Yesterday’s post focused on legal reforms aimed at official corruption. Important as those are, they aren’t the only reforms we need to make.

We need to fix our elections.

Even those of us who follow politics closely and who are familiar with the country’s legal framework often miss the way in which demographic shifts have upended America’s electoral system and shifted power to an unrepresentative minority of voters– aided and abetted by America’s minority party.

Over the last few years, more people have come to recognize the inequities caused by gerrymandering and the Electoral College, but beyond that, our comfort with “the way it is” has blinded us to the equally troubling consequences of equal Senate representation, for example. Currently, over half the U.S. population lives in just nine states. The result is  that less than half of the population chooses 82 percent of the country’s Senators. And that means that the Republicans hold their current Senate majority despite the fact that the Democratic Senate minority represents more than half of the American people.

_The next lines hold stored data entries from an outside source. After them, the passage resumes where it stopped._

theorem theorem4:
  fixes P :: "'a::finite \<Rightarrow> real" and T :: "'a list set" and n :: nat and \<rho> :: real
  assumes "card (UNIV :: 'a set) \<ge> 2"
    and "\<And>a. 0 < P a" and "\<And>a. P a < 1"
    and "(\<Sum>a\<in>UNIV. P a) = 1"
    and "\<rho> = 1 / Min (range P)"
    and "tunstall_tree P T"
    and "n = card T"
    and "log 2 (real n) - c_rho \<rho> > 0"
  shows "tunstall_rate P T \<le>
           real_of_int \<lceil>log 2 (real n)\<rceil> * entropy2 P / (log 2 (real n) - c_rho \<rho>)"
proof -
  define m where "m = Min (range P)"
  have "m \<in> range P" unfolding m_def by (intro Min_in) auto
  then have m_pos: "0 < m" and "m < 1" using assms(2,3) by auto
  have balanced: "seg_prob P u \<le> \<rho> * seg_prob P v" if "u \<in> T" "v \<in> T" for u v
  proof -
    have "m * seg_prob P u \<le> seg_prob P v"
      using tunstall_tree_prob_ratio[OF assms(6) _ _ _ _ that] assms(2,3) m_pos
      by (simp add: m_def less_imp_le)
    then show ?thesis using assms(5) m_pos by (simp add: m_def field_simps)
  qed
  have "log 2 n - c_rho \<rho> \<le> leaf_entropy P T"
    unfolding leaf_entropy_def assms(7)
    using entropy_ge_log_card_minus_c_rho[OF tunstall_tree_finite[OF assms(6)] seg_prob_pos
        tunstall_tree_prob_sum[OF assms(6,4)] balanced] assms(2,5) m_pos \<open>m < 1\<close>
    by (simp add: m_def)
  also have "\<dots> = expected_length P T * entropy2 P"
    using tunstall_tree_leaf_entropy[OF assms(6,4,2)] .
  finally have entropy_bound: "log 2 n - c_rho \<rho> \<le> expected_length P T * entropy2 P" .
  have "1 \<le> log 2 n" using tunstall_tree_card_ge[OF assms(6)] assms(1,7) by simp
  then have ceiling_nonneg: "0 \<le> real_of_int \<lceil>log 2 n\<rceil>" by linarith
  have "real_of_int \<lceil>log 2 n\<rceil> * (log 2 n - c_rho \<rho>)
      \<le> real_of_int \<lceil>log 2 n\<rceil> * entropy2 P * expected_length P T"
    using mult_left_mono[OF entropy_bound ceiling_nonneg] by (simp add: mult_ac)
  with assms(8) tunstall_tree_expected_length_ge_1[OF assms(6,4,2)] show ?thesis
    unfolding tunstall_rate_def assms(7)[symmetric] by (simp add: divide_simps)
qed

end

A recent article from Vox, which led off with that example of distorted representation,  offered eleven proposals to fix what has evolved into an unfair and unequal system. The article began with a recitation of several of the most egregious elements of our decidedly undemocratic reality.

Intentional efforts to make it harder to vote, such as voter ID laws, are increasingly common throughout the states — and the Supreme Court frequently approaches such voter suppression with indifference. Gerrymandering renders many legislative elections irrelevant — in 2018, Republicans won nearly two-thirds of the seats in the Wisconsin state assembly, even though Democratic candidates received 54 percent of the popular vote. Wealthy donors flood elections with money, as lawmakers spend thousands of hours on “call time,”dialing the rich to fund the next campaign.

And looming over all of this is the problem of race. In some states, Republican lawmakers write voter suppression laws that target voters of color with, in the word of one federal appeals court, “almost surgical precision,” knowing that a law that targets minority votes will primarily disenfranchise Democrats.

After the Democrats took the House in 2019, the first bill they passed was the “For the People Act.” If that act passed the Senate– which did not happen and will not happen so long as Mitch McConnell is in charge of that body–Vox says it would be the most significant voting rights legislation since the Voting Rights Act of 1965. (A companion bill, HR 4, would strengthen that original Voting Rights Act by restoring sections of the law that were eviscertated by the Supreme Court.)

That said, as the article correctly noted, even if those measures are enacted, they would still fall short of addressing the major and troubling challenges facing Americans’ electoral system. They wouldn’t address Senate malapportionment or the Electoral College –both systems that hand control of the government to an unrepresentative, predominantly rural minority of our citizens.

The eleven “fixes” identified by Vox include much-discussed measures like eliminating the filibuster and revitalizing the Voting Rights Act, but also less-often suggested changes like eliminating advance registration in favor of same-day voter registration. (A number of states are moving in that direction, which has the benefit of also eliminating flawed and partisan purges.)

Then there are the changes that would make it easier to vote: more early voting, no-excuse absentee voting and other measures that would actually facilitate the process of casting a ballot. What if we emulated Australia, for example?

In Australia, over 90 percent of eligible voters typically cast a ballot in federal elections. The nation achieves this feat by turning Election Day into a celebration, where voters gather at community barbecues to eat what are often referred to as “democracy sausages.” But Australia also uses a stick to encourage voting — nonvoters can be fined about $80 Australian dollars (about $60 in US currency) if they do not cast a ballot.

You really need to read the whole article, but even those who disagree with some of its specific recommendations will find it hard to argue with the proposition that it is past time for lawmakers and citizens alike to focus on the numerous, fundamentally unfair elements of the way we choose America’s leaders.